The Genius of Essays

I did not plan to spend the last month reading collections of essays.  In fact, I didn't even realize I was doing so until I updated my Books Read 2019 list.  I began by reading I Like to Watch by Emily Nussbaum, who has spent much of her writing life reviewing TV shows. What a great book—wonderful to read her reviews about TV shows I’ve watched, but even when she talks about unfamiliar shows, it’s a great book.  And it's interesting to think about how much television has changed--now it's an art form that many more of us take seriously than we would have decades ago.

I decided to read the book when I heard Nussbaum interviewed on NPR.  Similarly, I got Jia Tolentino's Trick Mirror after hearing her on several NPR shows.  Often when I've heard people on NPR, I'm bored by the book--it's as if I've already heard the major points, and there's not much reason to read the book.  That has not been the case with either of these books.

However, my favorite book of essays in this month of essays is Margaret Renkl's Late Migrations.  I would likely not have discovered this book without this review on NPR's Fresh Air.  The essays have  a poetic quality, moment after moment where I catch my breath and savor the sentence or the image.  Renkl explores a variety of topics, but she's often weaving back to the natural world and to all sorts of family constellations.

I found my favorite essay online--go here and scroll down to read "The Imperfect-Family Beatitudes."  It enchanted me from the beginning:  "Blessed is the weary mother who rises before daybreak for no project or prayer book, for no reason but the solace of a sleeping house and a tepid cup of instant coffee and a fat dog curled on her lap. Hers is the fleeting kingdom of heaven."

I found her depictions of life with her aging parents particularly poignant.  She notes, "The end of caregiving isn't freedom.  The end of caregiving is grief" (p. 189).  This is true of aging parents, but also of other kinds of caretaking:  the child who goes off to college, the bird that cannot be saved, the flowers taken over by weeds.  About those non-native species of plants she says, "The alien does not know it's an alien" (p. 10).

As I'm looking at my Books Read 2019 list, I'm realizing that I'm not doing a great job of reading more poetry.  I started off the year so strongly in that area, but it's fallen off.  Maybe it's time to finally get around to reading Ocean Vuong's Night Sky with Exit Wounds, which has been on my to-read shelf for longer than I like to realize.

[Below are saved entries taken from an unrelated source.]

lemma is_unit_Op_one_diff:
  assumes "z \<in> Op p" "odd r" "z ^ (2 * r) = -1" "z ^ 4 \<noteq> 1"
  shows "is_unit_Op p (1 - z)"
  by (rule is_unit_OpI[OF _ _ one_diff_mult_explicit_inverse[OF assms(2-4)]])
    (intro Op_diff Op_mult Op_sum Op_power Op_of_nat Op_1 assms(1))+

lemma assoc_Op_one_diff_powers:
  assumes "\<omega> \<in> Op p" "\<omega> ^ r = 1" "\<omega> \<noteq> 1" "prime r" "\<not> r dvd m" "\<not> r dvd n"
  shows "assoc_Op p (1 - \<omega> ^ m) (1 - \<omega> ^ n)"
proof -
  obtain k l k' where k: "[n * k = m] (mod r)" and l: "[m * l = n] (mod r)" and k': "[n * k' = 1] (mod r)"
    using cong_solvable_mod_prime \<open>prime r\<close> assms(5,6) by metis
  define u v where "u = (\<Sum>i<k. \<omega> ^ (n * i))" and "v = (\<Sum>i<l. \<omega> ^ (m * i))"
  have m_by_n: "1 - \<omega> ^ m = (1 - \<omega> ^ n) * u"
    unfolding u_def by (rule one_diff_power_eq_mult_if_cong[OF assms(2) k])
  have n_by_m: "1 - \<omega> ^ n = (1 - \<omega> ^ m) * v"
    unfolding v_def by (rule one_diff_power_eq_mult_if_cong[OF assms(2) l])
  have "1 - \<omega> ^ 1 = (1 - \<omega> ^ n) * (\<Sum>i<k'. \<omega> ^ (n * i))"
    by (rule one_diff_power_eq_mult_if_cong[OF assms(2) k'])
  then have "1 - \<omega> ^ n \<noteq> 0"
    using \<open>\<omega> \<noteq> 1\<close> by auto
  moreover have "u * v = 1"
    using m_by_n n_by_m calculation by (simp add: mult_ac)
  then have "is_unit_Op p u"
    by (rule is_unit_OpI[rotated 2]) (simp_all add: u_def v_def Op_sum Op_power assms(1))
  ultimately show ?thesis
    using m_by_n assoc_OpI by (metis mult.commute)
qed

I confess that I thought of this book because of the announcement of this year's MacArthur awards.  I looked over this list and tried not to think about my own age and the age of the winners.  Some years I'm inspired by the list, but not this year.

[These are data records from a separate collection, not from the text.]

(* Let $n\ge 4$, let $\lambda=(\lambda_1,\lambda_2)$ with integers $\lambda_1\ge\lambda_2\ge 0$, and let $(\lambda,i,j,k)$ be admissible. For fixed $w \in W$, the expression $\langle w, \psi_{\lambda,(i,j,k)}(\{x_1,\dots,x_i\})(\gamma)\rangle$ is a polynomial in the entries of the orthogonal matrix $\gamma \in \mathrm{O}(n)$ and of the vectors $x_1,\dots,x_i$.
   Context: Setting. Fix an angle $\theta$ and consider the graph on $S^{n-1}$ in which distinct $x,y$ are adjacent if $\langle x,y\rangle > \cos\theta$; $\mathcal{I}_2$ is the set of independent sets of this graph of cardinality at most $2$, and $\mathcal{I}_{=i}$ those of cardinality exactly $i$. $\mathrm{O}(n,\mathbb{C})$ denotes complex $n\times n$ matrices $g$ with $g^{\sf T}g = I$, $\mathrm{O}(n)$ the real ones. Let $U=\mathbb{C}^2$ with basis $e_1,e_2$, $m = \lambda_1-\lambda_2$, $W = \mathrm{Sym}^{\lambda_2}(\wedge^2U)\otimes\mathrm{Sym}^m(U)$ with induced action $\rho$ of $2\times 2$ complex matrices, orthonormal basis $w_k = (e_1\wedge e_2)^{\lambda_2}e_1^{m-k}e_2^k$ ($0\le k\le m$), and $c_1(k) = \lambda_2+m-k$, $c_2(k) = \lambda_2+k$. Let $\omega = (I_2\ \ iI_2\ \ 0)$ ($2\times n$) and $\epsilon = \binom{I_2}{0}$ ($n\times 2$); for $w\in W$, $f_w(\gamma) = \rho(\omega\gamma\epsilon)w$ for $\gamma\in \mathrm{O}(n,\mathbb{C})$; $V$ is the span of the right translates $\gamma\mapsto f_w(\gamma g)$, $g \in \mathrm{O}(n,\mathbb{C})$, $\pi$ the right-translation representation of $\mathrm{O}(n)$ on $V$, $\Psi(w) = f_w$. For $J = \{x,y\}\in\mathcal{I}_2$ (with $x=y$ if $|J|=1$): $p_j(J) = \langle x,y\rangle^j$, $q_1(J) = \sqrt{2+2\langle x,y\rangle}$, $q_2(J) = \sqrt{2-2\langle x,y\rangle}$; orbit representative $R_J = \{(q_1/2,q_2/2,0,\dots,0),(q_1/2,-q_2/2,0,\dots,0)\}$ for $|J|\ge1$ and $\emptyset$ for $J=\emptyset$; a section is $s\colon\mathcal{I}_2\to\mathrm{O}(n)$ with $s(J)R_J = J$. Admissible tuples: $i=0$: $\lambda=(0,0)$, $j=k=0$; $i=1$: $\lambda_2=0$, $j=k=0$; $i=2$: $j\ge0$, $0\le k\le m$, $\lambda_2+k$ even. Define $\psi_{\lambda,(i,j,k)}(J) = \xi_{\lambda,i,j,k}(J)\pi(s(J))\Psi(w_k)$ with $\xi = 1$ if $i=|J|<2$, $\xi = p_j(J)q_1(J)^{c_1(k)}q_2(J)^{c_2(k)}$ if $i=|J|=2$, and $\xi=0$ otherwise (with $0^0 = 1$); this does not depend on the choice of section. *)

theory Defs
  imports Complex_Main
begin

text \<open>Conventions: vectors in R^n are functions nat => real, coordinates 0..n-1
(the paper's coordinates 1..n), vanishing at indices >= n. Matrices are
functions nat => nat => 'a, only entries with indices in range are relevant.\<close>

definition rinner :: "nat \<Rightarrow> (nat \<Rightarrow> real) \<Rightarrow> (nat \<Rightarrow> real) \<Rightarrow> real" where
  "rinner n x y = (\<Sum>l<n. x l * y l)"

definition sphere_n :: "nat \<Rightarrow> (nat \<Rightarrow> real) set" where
  "sphere_n n = {x. (\<forall>l\<ge>n. x l = 0) \<and> rinner n x x = 1}"

definition orth :: "nat \<Rightarrow> (nat \<Rightarrow> nat \<Rightarrow> real) \<Rightarrow> bool" where
  "orth n g \<longleftrightarrow> (\<forall>a<n. \<forall>b<n. (\<Sum>l<n. g l a * g l b) = (if a = b then 1 else 0))"

definition mv :: "nat \<Rightarrow> (nat \<Rightarrow> nat \<Rightarrow> real) \<Rightarrow> (nat \<Rightarrow> real) \<Rightarrow> (nat \<Rightarrow> real)" where
  "mv n g x = (\<lambda>a. if a < n then (\<Sum>l<n. g a l * x l) else 0)"

definition indep :: "real \<Rightarrow> nat \<Rightarrow> (nat \<Rightarrow> real) set \<Rightarrow> bool" where
  "indep \<theta> n J \<longleftrightarrow> J \<subseteq> sphere_n n \<and>
     (\<forall>x\<in>J. \<forall>y\<in>J. x \<noteq> y \<longrightarrow> \<not> (rinner n x y > cos \<theta>))"

definition I2 :: "real \<Rightarrow> nat \<Rightarrow> (nat \<Rightarrow> real) set set" where
  "I2 \<theta> n = {J. indep \<theta> n J \<and> finite J \<and> card J \<le> 2}"

definition Ieq :: "real \<Rightarrow> nat \<Rightarrow> nat \<Rightarrow> (nat \<Rightarrow> real) set set" where
  "Ieq \<theta> n i = {J. indep \<theta> n J \<and> finite J \<and> card J = i}"

text \<open>For J = {x,y} (x = y if |J| = 1): <x,y>, and the functions p_j, q_1, q_2.\<close>
definition pairip :: "nat \<Rightarrow> (nat \<Rightarrow> real) set \<Rightarrow> real" where
  "pairip n J = (SOME t. \<exists>x y. J = {x, y} \<and> t = rinner n x y)"

definition pfun :: "nat \<Rightarrow> nat \<Rightarrow> (nat \<Rightarrow> real) set \<Rightarrow> real" where
  "pfun n j J = pairip n J ^ j"

definition q1 :: "nat \<Rightarrow> (nat \<Rightarrow> real) set \<Rightarrow> real" where
  "q1 n J = sqrt (2 + 2 * pairip n J)"

definition q2 :: "nat \<Rightarrow> (nat \<Rightarrow> real) set \<Rightarrow> real" where
  "q2 n J = sqrt (2 - 2 * pairip n J)"

definition RJ :: "nat \<Rightarrow> (nat \<Rightarrow> real) set \<Rightarrow> (nat \<Rightarrow> real) set" where
  "RJ n J = (if J = {} then {} else
     {(\<lambda>l. if l = 0 then q1 n J / 2 else if l = 1 then q2 n J / 2 else 0),
      (\<lambda>l. if l = 0 then q1 n J / 2 else if l = 1 then - q2 n J / 2 else 0)})"

definition is_section :: "real \<Rightarrow> nat \<Rightarrow> ((nat \<Rightarrow> real) set \<Rightarrow> (nat \<Rightarrow> nat \<Rightarrow> real)) \<Rightarrow> bool" where
  "is_section \<theta> n s \<longleftrightarrow> (\<forall>J\<in>I2 \<theta> n. orth n (s J) \<and> mv n (s J) ` RJ n J = J)"

text \<open>The space W = Sym^{l2}(wedge^2 U) (x) Sym^m(U) is identified with C^{m+1} via the
basis w_k = (e1 wedge e2)^{l2} e1^{m-k} e2^k, k = 0..m: a vector is its coefficient
function nat => complex (coefficients at k > m are irrelevant).\<close>

definition wbasis :: "nat \<Rightarrow> (nat \<Rightarrow> complex)" where
  "wbasis k = (\<lambda>l. if l = k then 1 else 0)"

definition Winner :: "nat \<Rightarrow> (nat \<Rightarrow> complex) \<Rightarrow> (nat \<Rightarrow> complex) \<Rightarrow> complex" where
  "Winner m v u = (\<Sum>l\<le>m. v l * cnj (u l))"

definition det2 :: "(nat \<Rightarrow> nat \<Rightarrow> complex) \<Rightarrow> complex" where
  "det2 A = A 0 0 * A 1 1 - A 0 1 * A 1 0"

text \<open>Coefficient of e1^{m-l} e2^l in (A e1)^{m-k} (A e2)^k, where
A e1 = A00 e1 + A10 e2 and A e2 = A01 e1 + A11 e2.\<close>
definition symcoeff :: "nat \<Rightarrow> (nat \<Rightarrow> nat \<Rightarrow> complex) \<Rightarrow> nat \<Rightarrow> nat \<Rightarrow> complex" where
  "symcoeff m A k l = (\<Sum>r\<le>l. if r \<le> m - k \<and> l - r \<le> k then
      of_nat ((m - k) choose r) * A 1 0 ^ r * A 0 0 ^ (m - k - r) *
      of_nat (k choose (l - r)) * A 1 1 ^ (l - r) * A 0 1 ^ (k - (l - r))
    else 0)"

text \<open>Induced action rho(A) w_k = det(A)^{l2} (A e1)^{m-k} (A e2)^k, extended linearly.\<close>
definition rho :: "nat \<Rightarrow> nat \<Rightarrow> (nat \<Rightarrow> nat \<Rightarrow> complex) \<Rightarrow> (nat \<Rightarrow> complex) \<Rightarrow> (nat \<Rightarrow> complex)" where
  "rho l2 m A v = (\<lambda>l. if l \<le> m then det2 A ^ l2 * (\<Sum>k\<le>m. v k * symcoeff m A k l) else 0)"

text \<open>omega = (I_2  i I_2  0) (2 x n), epsilon = (I_2 ; 0) (n x 2).\<close>
definition omega :: "nat \<Rightarrow> nat \<Rightarrow> complex" where
  "omega a b = (if a = 0 then (if b = 0 then 1 else if b = 2 then \<i> else 0)
                else if a = 1 then (if b = 1 then 1 else if b = 3 then \<i> else 0) else 0)"

definition epsilon :: "nat \<Rightarrow> nat \<Rightarrow> complex" where
  "epsilon a b = (if a = b \<and> b < 2 then 1 else 0)"

definition mmul :: "nat \<Rightarrow> (nat \<Rightarrow> nat \<Rightarrow> complex) \<Rightarrow> (nat \<Rightarrow> nat \<Rightarrow> complex) \<Rightarrow> (nat \<Rightarrow> nat \<Rightarrow> complex)" where
  "mmul d A B = (\<lambda>a b. \<Sum>l<d. A a l * B l b)"

definition cmat :: "(nat \<Rightarrow> nat \<Rightarrow> real) \<Rightarrow> (nat \<Rightarrow> nat \<Rightarrow> complex)" where
  "cmat g = (\<lambda>a b. complex_of_real (g a b))"

definition Psi :: "nat \<Rightarrow> nat \<Rightarrow> nat \<Rightarrow> (nat \<Rightarrow> complex) \<Rightarrow> ((nat \<Rightarrow> nat \<Rightarrow> complex) \<Rightarrow> (nat \<Rightarrow> complex))" where
  "Psi n l2 m v = (\<lambda>\<gamma>. rho l2 m (mmul n (mmul n omega \<gamma>) epsilon) v)"

definition pi_rep :: "nat \<Rightarrow> (nat \<Rightarrow> nat \<Rightarrow> real) \<Rightarrow> ((nat \<Rightarrow> nat \<Rightarrow> complex) \<Rightarrow> 'b) \<Rightarrow> ((nat \<Rightarrow> nat \<Rightarrow> complex) \<Rightarrow> 'b)" where
  "pi_rep n g f = (\<lambda>\<gamma>. f (mmul n \<gamma> (cmat g)))"

definition admissible :: "nat \<Rightarrow> nat \<Rightarrow> nat \<Rightarrow> nat \<Rightarrow> nat \<Rightarrow> bool" where
  "admissible l1 l2 i j k \<longleftrightarrow>
     (i = 0 \<and> l1 = 0 \<and> l2 = 0 \<and> j = 0 \<and> k = 0) \<or>
     (i = 1 \<and> l2 = 0 \<and> j = 0 \<and> k = 0) \<or>
     (i = 2 \<and> k \<le> l1 - l2 \<and> even (l2 + k))"

definition xi :: "nat \<Rightarrow> nat \<Rightarrow> nat \<Rightarrow> nat \<Rightarrow> nat \<Rightarrow> nat \<Rightarrow> (nat \<Rightarrow> real) set \<Rightarrow> real" where
  "xi n l1 l2 i j k J =
     (if i = card J \<and> i < 2 then 1
      else if i = card J \<and> i = 2 then
        pfun n j J * q1 n J ^ (l2 + (l1 - l2) - k) * q2 n J ^ (l2 + k)
      else 0)"

definition psi :: "nat \<Rightarrow> ((nat \<Rightarrow> real) set \<Rightarrow> (nat \<Rightarrow> nat \<Rightarrow> real)) \<Rightarrow> nat \<Rightarrow> nat \<Rightarrow> nat \<Rightarrow> nat \<Rightarrow> nat
     \<Rightarrow> (nat \<Rightarrow> real) set \<Rightarrow> (nat \<Rightarrow> nat \<Rightarrow> complex) \<Rightarrow> (nat \<Rightarrow> complex)" where
  "psi n s l1 l2 i j k J = (\<lambda>\<gamma> l. complex_of_real (xi n l1 l2 i j k J) *
       pi_rep n (s J) (Psi n l2 (l1 - l2) (wbasis k)) \<gamma> l)"

inductive_set polyfun :: "'v set \<Rightarrow> (('v \<Rightarrow> real) \<Rightarrow> complex) set" for V where
  pconst: "(\<lambda>_. c) \<in> polyfun V"
| pvar: "a \<in> V \<Longrightarrow> (\<lambda>v. complex_of_real (v a)) \<in> polyfun V"
| padd: "p \<in> polyfun V \<Longrightarrow> q \<in> polyfun V \<Longrightarrow> (\<lambda>v. p v + q v) \<in> polyfun V"
| pmult: "p \<in> polyfun V \<Longrightarrow> q \<in> polyfun V \<Longrightarrow> (\<lambda>v. p v * q v) \<in> polyfun V"

text \<open>Variables: Inl (a,b) = entry gamma_{ab}, Inr (a,l) = l-th coordinate of x_a.\<close>
definition vars :: "nat \<Rightarrow> nat \<Rightarrow> ((nat \<times> nat) + (nat \<times> nat)) set" where
  "vars n i = {Inl (a, b) | a b. a < n \<and> b < n} \<union> {Inr (a, l) | a l. a < i \<and> l < n}"

definition assign :: "(nat \<Rightarrow> nat \<Rightarrow> real) \<Rightarrow> (nat \<Rightarrow> nat \<Rightarrow> real) \<Rightarrow> ((nat \<times> nat) + (nat \<times> nat)) \<Rightarrow> real" where
  "assign \<gamma> x v = (case v of Inl (a, b) \<Rightarrow> \<gamma> a b | Inr (a, l) \<Rightarrow> x a l)"

end

theory Submission
  imports Defs
begin

(* The section s(J) maps R_J = {(q1/2, +-q2/2, 0, ...)} onto J = {x0, x1}, so the first two
   columns of g = s(J) are (x0 + x1)/q1 and +-(x0 - x1)/q2.  Right translation by g turns Psi(w_k)
   into gamma |-> rho(omega gamma (g e1, g e2)) w_k, and rho(A) w_k is homogeneous of degree c1(k)
   in the first column of A and of degree c2(k) in the second.  Hence the factor
   xi = p_j q1^c1(k) q2^c2(k) exactly clears the denominators (the sign drops out because c2(k)
   is even), leaving p_j(J) rho(omega gamma (x0 + x1, x0 - x1)) w_k, a polynomial in gamma, x0, x1.
   For |J| = 1 the same computation works with c2(0) = 0, and for J empty psi is constant. *)

lemma polyfun_cnj: "p \<in> polyfun V \<Longrightarrow> (\<lambda>v. cnj (p v)) \<in> polyfun V"
  by (induction rule: polyfun.induct) (auto intro: polyfun.intros)

lemma polyfun_sum:
  "finite S \<Longrightarrow> (\<And>x. x \<in> S \<Longrightarrow> f x \<in> polyfun V) \<Longrightarrow> (\<lambda>v. \<Sum>x\<in>S. f x v) \<in> polyfun V"
  by (induction S rule: finite_induct) (auto intro: polyfun.intros)

lemma polyfun_power: "p \<in> polyfun V \<Longrightarrow> (\<lambda>v. p v ^ n) \<in> polyfun V"
  by (induction n) (auto intro: polyfun.intros)

lemma polyfun_diff:
  assumes "p \<in> polyfun V" "q \<in> polyfun V"
  shows "(\<lambda>v. p v - q v) \<in> polyfun V"
proof -
  have "(\<lambda>v. p v + (-1) * q v) \<in> polyfun V"
    by (intro polyfun.intros assms)
  then show ?thesis by simp
qed

lemma polyfun_If:
  "(c \<Longrightarrow> p \<in> polyfun V) \<Longrightarrow> (\<not> c \<Longrightarrow> q \<in> polyfun V) \<Longrightarrow> (\<lambda>v. if c then p v else q v) \<in> polyfun V"
  by (cases c) auto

This year I was already in a despondent place about so much of my life.  Looking at the list makes me even more despairing about all the opportunities that I haven't found.  It's been the kind of September where I haven't written much, and I've sent out nothing.

But I am hopeful that the pace of these weeks will abate.  We will get our materials ready for the accreditation visit and then, hopefully, we can go back to a more sane pace.

In the meantime, at least I have been able to read a bit here and there.  And that's where the essay format is perfect for these times, whether it's the longer, deeper essays of Jia Tolentino or the perfect jewels of the shorter essays of Renkl.

Let me hang onto the elements of my life that I love while working my way back to all that I hold dear.